2.1 Synchronization via Procrastination

** linked list update operation을 예시로 설명한다.

reader는 오버헤드가 거의 없는 반면 writer는 데이터 일관성 보장을 위해 오버헤드가 발생한다.
writer는 update하려는 객체 Q에 새로운 객체 Q'를 할당하고 기존 Q의 내용을 copy한다. 그리고 업데이트 된 객체 Q'를 리스트에 삽입하고 Q를 리스트에서 지운다.리스트를 순회하는 reader는 wait-free이기 때문에 Q를 참조하는 reader의 수는 결국 0 이 된다.
Q를 리스트에서 제거할 때 Q를 참조하는 reader는 없어야 한다. 만약 있다면 Q를 참조하는 모든 reader가 완료할 때까지 Q의 free를 지연시킨다. (Q = deferred for freeing)
동기화 매커니즘은 객체 메모리를 reclamation하기 전에 시스템 내에 deferred 객체를 계속해서 추적하고 오래된 객체를 참조하는 reader가 완료될 때까지 기다린다.
- pre-existing reader의 완료를 식별하는 기법 (grace period)

2.2 Defer freeing an object

RCU에서 writer가 비동기적으로 객체 free를 지연시키기 위한 API
update이후에 writer는 callback 함수를 등록하여 오래된 객체의 free를 지연시킨다.
RCU는 grace period가 완료되면 cb_func을 호출하여 실제 free 작업을 수행한다.

2.3 Slab Allocator

slab allocator는 동일한 유형과 크기의 객체 할당 요청을 효율적으로 관리하기 위한 동적 메모리 할당자이다.
자주 사용되는 객체 cache (=slab cache)로 구성되어 있다.
** 예를 들어 운영체제 커널의 slab allocator는 inode, thread와 같이 자주 사용되는 객체를 slab cache로 가지고 있다.
각 slab cache는 per-CPU object cache, per-NUMA node list of slabs로 구성되어 있다.per-NUMA node list는 같은 NUMA 도메인에 속한 slab list를 가지고 있다.
per-CPU object cache는 free object의 cache이다.
per-CPU object cache는 per-NUMA node list에서 필요한 객체를 이동시켜 채운다. node list에 있는 slab은 사용가능한 객체들에 따라 fully allocated, partially allocated, free 를 표시한다.
** 모든 객체가 per-CPU object cache로 이동하면 fully-allocated 상태가 되는 것이다.

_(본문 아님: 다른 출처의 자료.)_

(* Let $V=\bigoplus_{n\ge 0}V_n$ be a VOA over $\mathbb{Q}$ with $\dim V_0=1$, having a nondegenerate invariant bilinear form $\langle\ ,\ \rangle$. Let $J\subseteq V$ be a homogeneous IVOA and let $J^{\circ}=\{u\in V\mid \langle u,J\rangle\subseteq\mathbb{Z}\}$. Then $\frac{L(1)^n}{n!}J^{\circ}\subseteq J^{\circ}$ for all integers $n\ge 0$.
   Context: A VOA over $\mathbb{Q}$ has vacuum $\mathbf{1}$, conformal vector $\omega$, vertex operators $Y(a,z)=\sum_{n}a_nz^{-n-1}$, and $L(n)=\omega_{n+1}$. An invariant bilinear form satisfies $\langle Y(a,z)b,c\rangle=\langle b,Y(e^{zL(1)}(-z^{-2})^{L(0)}a,z^{-1})c\rangle$ (in particular $L(1)$ and $L(-1)$ are adjoint). An integral form (IF) in $V$ is an additive subgroup which is the $\mathbb{Z}$-span of a $\mathbb{Q}$-basis of $V$, closed under all products $a_kb$ ($k\in\mathbb{Z}$), and containing a positive integer multiple of $\mathbf{1}$ and of $\omega$. An IVOA is an IF containing $\mathbf{1}$. $J$ is homogeneous if $J=\bigoplus_n(J\cap V_n)$. *)

theory Defs
  imports Complex_Main
begin

text \<open>The underlying space is the whole
type 'v, with scalar multiplication sc :: rat => 'v => 'v.  The modes of the vertex
operators are given by md a n b = a_n b (n an integer), i.e. Y(a,z) b = sum_n (md a n b) z^(-n-1).
vac is the vacuum, om the conformal vector, L(n) = om_(n+1).\<close>

definition fsum :: "(nat \<Rightarrow> 'v::comm_monoid_add) \<Rightarrow> 'v" where
  "fsum f = sum f {i. f i \<noteq> 0}"

definition vL :: "('v \<Rightarrow> int \<Rightarrow> 'v \<Rightarrow> 'v) \<Rightarrow> 'v \<Rightarrow> int \<Rightarrow> 'v \<Rightarrow> 'v" where
  "vL md om n = md om (n + 1)"

definition wtsp :: "(rat \<Rightarrow> 'v \<Rightarrow> 'v) \<Rightarrow> ('v \<Rightarrow> int \<Rightarrow> 'v \<Rightarrow> 'v) \<Rightarrow> 'v \<Rightarrow> int \<Rightarrow> 'v set" where
  "wtsp sc md om n = {v. vL md om 0 v = sc (of_int n) v}"

definition sgn_pow :: "int \<Rightarrow> rat" where
  "sgn_pow r = (if even r then 1 else -1)"

definition is_VOA :: "(rat \<Rightarrow> 'v::ab_group_add \<Rightarrow> 'v) \<Rightarrow> ('v \<Rightarrow> int \<Rightarrow> 'v \<Rightarrow> 'v) \<Rightarrow> 'v \<Rightarrow> 'v \<Rightarrow> bool" where
  "is_VOA sc md vac om \<longleftrightarrow>
     vector_space sc \<and>
     \<comment> \<open>bilinearity of the products\<close>
     (\<forall>a n. Vector_Spaces.linear sc sc (md a n)) \<and>
     (\<forall>n b. Vector_Spaces.linear sc sc (\<lambda>a. md a n b)) \<and>
     \<comment> \<open>truncation: Y(a,z)b has only finitely many negative powers of z\<close>
     (\<forall>a b. \<exists>N. \<forall>n\<ge>N. md a n b = 0) \<and>
     \<comment> \<open>vacuum: Y(1,z) = id\<close>
     (\<forall>n v. md vac n v = (if n = -1 then v else 0)) \<and>
     \<comment> \<open>creation: Y(a,z)1 \<in> V[[z]] and a_(-1) 1 = a\<close>
     (\<forall>a. md a (-1) vac = a) \<and>
     (\<forall>a n. n \<ge> 0 \<longrightarrow> md a n vac = 0) \<and>
     \<comment> \<open>Jacobi identity (Borcherds identity, component form)\<close>
     (\<forall>a b c p q r.
        fsum (\<lambda>i. sc (of_int p gchoose i) (md (md a (r + int i) b) (p + q - int i) c))
        = fsum (\<lambda>i. sc ((-1) ^ i * (of_int r gchoose i)) (md a (p + r - int i) (md b (q + int i) c)))
          - sc (sgn_pow r)
              (fsum (\<lambda>i. sc ((-1) ^ i * (of_int r gchoose i)) (md b (q + r - int i) (md a (p + int i) c))))) \<and>
     \<comment> \<open>Virasoro relations with some central charge\<close>
     (\<exists>cc::rat. \<forall>m n v.
        vL md om m (vL md om n v) - vL md om n (vL md om m v)
        = sc (of_int (m - n)) (vL md om (m + n) v)
          + (if m + n = 0 then sc ((of_int m ^ 3 - of_int m) / 12 * cc) v else 0)) \<and>
     \<comment> \<open>L(-1)-derivative property: Y(L(-1)a,z) = d/dz Y(a,z)\<close>
     (\<forall>a n b. md (vL md om (-1) a) n b = sc (- of_int n) (md a (n - 1) b)) \<and>
     \<comment> \<open>om has weight 2\<close>
     om \<in> wtsp sc md om 2 \<and>
     \<comment> \<open>grading: V = direct sum of the L(0)-eigenspaces V_n, n \<ge> 0, each finite-dimensional\<close>
     (\<forall>v. \<exists>S f. finite S \<and> (\<forall>n\<in>S. f n \<in> wtsp sc md om n) \<and> v = sum f S) \<and>
     (\<forall>n<0. wtsp sc md om n = {0}) \<and>
     (\<forall>n. \<exists>B. finite B \<and> wtsp sc md om n \<subseteq> module.span sc B)"

text \<open>Nondegenerate invariant bilinear form, invariance written in components:
for a \<in> V_k,  <a_n b, c> = (-1)^k sum_j (1/j!) <b, (L(1)^j a)_(2k-n-j-2) c>.\<close>
definition is_nondeg_invariant_form ::
  "(rat \<Rightarrow> 'v::ab_group_add \<Rightarrow> 'v) \<Rightarrow> ('v \<Rightarrow> int \<Rightarrow> 'v \<Rightarrow> 'v) \<Rightarrow> 'v \<Rightarrow> ('v \<Rightarrow> 'v \<Rightarrow> rat) \<Rightarrow> bool" where
  "is_nondeg_invariant_form sc md om bf \<longleftrightarrow>
     (\<forall>u. Vector_Spaces.linear sc (*) (bf u)) \<and>
     (\<forall>v. Vector_Spaces.linear sc (*) (\<lambda>u. bf u v)) \<and>
     (\<forall>u. (\<forall>v. bf u v = 0) \<longrightarrow> u = 0) \<and>
     (\<forall>v. (\<forall>u. bf u v = 0) \<longrightarrow> v = 0) \<and>
     (\<forall>k a n b c. a \<in> wtsp sc md om k \<longrightarrow>
        bf (md a n b) c
        = sgn_pow k * (\<Sum>j\<in>{0..nat k}.
             (1 / fact j) * bf b (md ((vL md om 1 ^^ j) a) (2 * k - n - int j - 2) c)))"

definition int_span :: "(rat \<Rightarrow> 'v::ab_group_add \<Rightarrow> 'v) \<Rightarrow> 'v set \<Rightarrow> 'v set" where
  "int_span sc B = {sum (\<lambda>b. sc (of_int (c b)) b) S | S c. finite S \<and> S \<subseteq> B}"

definition is_integral_form :: "(rat \<Rightarrow> 'v::ab_group_add \<Rightarrow> 'v) \<Rightarrow> ('v \<Rightarrow> int \<Rightarrow> 'v \<Rightarrow> 'v) \<Rightarrow> 'v \<Rightarrow> 'v \<Rightarrow> 'v set \<Rightarrow> bool" where
  "is_integral_form sc md vac om J \<longleftrightarrow>
     (\<exists>B. \<not> module.dependent sc B \<and> module.span sc B = UNIV \<and> J = int_span sc B) \<and>
     (\<forall>a\<in>J. \<forall>b\<in>J. \<forall>k. md a k b \<in> J) \<and>
     (\<exists>m::nat. m > 0 \<and> sc (of_nat m) vac \<in> J) \<and>
     (\<exists>m::nat. m > 0 \<and> sc (of_nat m) om \<in> J)"

definition is_IVOA :: "(rat \<Rightarrow> 'v::ab_group_add \<Rightarrow> 'v) \<Rightarrow> ('v \<Rightarrow> int \<Rightarrow> 'v \<Rightarrow> 'v) \<Rightarrow> 'v \<Rightarrow> 'v \<Rightarrow> 'v set \<Rightarrow> bool" where
  "is_IVOA sc md vac om J \<longleftrightarrow> is_integral_form sc md vac om J \<and> vac \<in> J"

definition is_homogeneous :: "(rat \<Rightarrow> 'v::ab_group_add \<Rightarrow> 'v) \<Rightarrow> ('v \<Rightarrow> int \<Rightarrow> 'v \<Rightarrow> 'v) \<Rightarrow> 'v \<Rightarrow> 'v set \<Rightarrow> bool" where
  "is_homogeneous sc md om J \<longleftrightarrow>
     (\<forall>v\<in>J. \<exists>S f. finite S \<and> (\<forall>n\<in>S. f n \<in> J \<inter> wtsp sc md om n) \<and> v = sum f S)"

definition dual_lattice :: "('v \<Rightarrow> 'v \<Rightarrow> rat) \<Rightarrow> 'v set \<Rightarrow> 'v set" where
  "dual_lattice bf J = {u. \<forall>v\<in>J. bf u v \<in> \<int>}"

end

theory Submission
  imports Defs
begin

text \<open>
  Invariance of the form applied to the conformal vector (of weight 2)
  shows that L(1) is adjoint to L(-1), because L(1) om = 0 makes the correction terms
  vanish; hence (L(1)^n / n!) is adjoint to (L(-1)^n / n!).  The L(-1)-derivative
  property gives (L(-1)^n / n!) v = v_(-1-n) 1, so an integral form containing the
  vacuum is stable under the divided powers of L(-1).  Finally, a general duality
  principle: if T is adjoint to S and S maps J into J, then T maps the dual lattice
  of J into itself.
\<close>

lemma linear_map_zero: "Vector_Spaces.linear s1 s2 f \<Longrightarrow> f 0 = 0"
  using module_hom.zero linear_iff_module_hom by metis

lemma linear_map_scale: "Vector_Spaces.linear s1 s2 f \<Longrightarrow> f (s1 r x) = s2 r (f x)"
  using module_hom.scale linear_iff_module_hom by metis

lemma VOA_axioms:
  assumes "is_VOA sc md vac om"
  shows VOA_vector_space: "vector_space sc"
    and VOA_linear_mode: "Vector_Spaces.linear sc sc (md a n)"
    and VOA_linear_mode_left: "Vector_Spaces.linear sc sc (\<lambda>a. md a n b)"
    and VOA_creation: "md a (-1) vac = a"
    and VOA_vacuum_annihilation: "n \<ge> 0 \<Longrightarrow> md a n vac = 0"
    and VOA_virasoro: "\<exists>cc::rat. \<forall>m n v.
        vL md om m (vL md om n v) - vL md om n (vL md om m v)
        = sc (of_int (m - n)) (vL md om (m + n) v)
          + (if m + n = 0 then sc ((of_int m ^ 3 - of_int m) / 12 * cc) v else 0)"
    and VOA_derivative: "md (vL md om (-1) a) n b = sc (- of_int n) (md a (n - 1) b)"
    and VOA_omega_weight: "om \<in> wtsp sc md om 2"
proof -
  note V = assms[unfolded is_VOA_def]
  show "vector_space sc" using V by (elim conjE) blast
  show "Vector_Spaces.linear sc sc (md a n)" using V by (elim conjE) blast
  show "Vector_Spaces.linear sc sc (\<lambda>a. md a n b)" using V by (elim conjE) blast
  show "md a (-1) vac = a" using V by (elim conjE) blast
  show "n \<ge> 0 \<Longrightarrow> md a n vac = 0" using V by (elim conjE) blast
  show "\<exists>cc::rat. \<forall>m n v.
        vL md om m (vL md om n v) - vL md om n (vL md om m v)
        = sc (of_int (m - n)) (vL md om (m + n) v)
          + (if m + n = 0 then sc ((of_int m ^ 3 - of_int m) / 12 * cc) v else 0)"
    using V by (elim conjE) blast
  show "md (vL md om (-1) a) n b = sc (- of_int n) (md a (n - 1) b)"
    using V by (elim conjE) fast
  show "om \<in> wtsp sc md om 2" using V by (elim conjE) blast
qed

page allocator -(grow/shrink)-per-NUMA node list (slab) -(refill/flush)- per-CPU object cache

slab allocator는 할당 요청을 받으면 현재 CPU의 per-CPU object cache에 있는 free 객체를 찾아 할당한다. 이 경우가 가장 최적의 할당 방식으로 cache hit라고 한다.node list의 모든 slab이 fully 할당되면 slab cache는 page allocator에서 slab을 더 할당받는다.
object cache에서 할당할 수 없는 경우 현재 per-NUMA node list에서 다시 object cache를 채운다 (refill)
할당한 객체가 free되면 slab allocator는 해당 객체를 현재 per-CPU object cache에 넣는다. 만약 object cache가 오버플로우 되면 객체는 node list로 flush된다.
** free 된 객체 → object cache / object cache overflow → flushing to node list
node list에 free slab의 개수가 threshold를 넘으면 slab cache는 다시 page alloator에게 돌아가 page를 반환한다.

3. Movitation

이번 장에서는 dynamic memory allocator의 성능에 영향을 미치는 synchroniztion via procratination의 중요한 부분에 대하여 다룬다.

3.1 Bursty freeing of memory

실제 어플리케이션은 한번의 grace period interval 동안 수천번의 update operation을 수행한다.→ 따라서 grace period 완료를 기다리는 deferred 객체가 수천개가 생길 수 있다.→ freeing 객체가 폭발적으로 발생한다. (bursty freeing of object)
→ grace period 완료 후 동기화 매커니즘은 memory reclamation을 시작한다.
→ 각 update는 하나 이상의 객체의 free를 지연시킨다.
bursty freeing of object→ object cache flushing (to node list)
** object cache flushing과 deferred object는 모든 CPU에서 병렬적으로 발생할 수 있다.
→ object cache overflow
parallel object cache flushing→ free slab 개수가 threshold를 넘으면 slab cache shrinking 발생
** slab cache shrinking : node list에 있는 slab cache를 page allocator에 반환하는 것
→ node list lock 경쟁 발생 & node list에 free slab의 개수 증가
reclamation 중 deferred object를 free→ object cache flush
⇒ memory allocator의 object cache refill로 인한 자원 낭비
→ object cache overflow
Prudence는 object refill/flush를 수행할 때 reclamation을 기다리는 deferred object의 개수를 고려한다.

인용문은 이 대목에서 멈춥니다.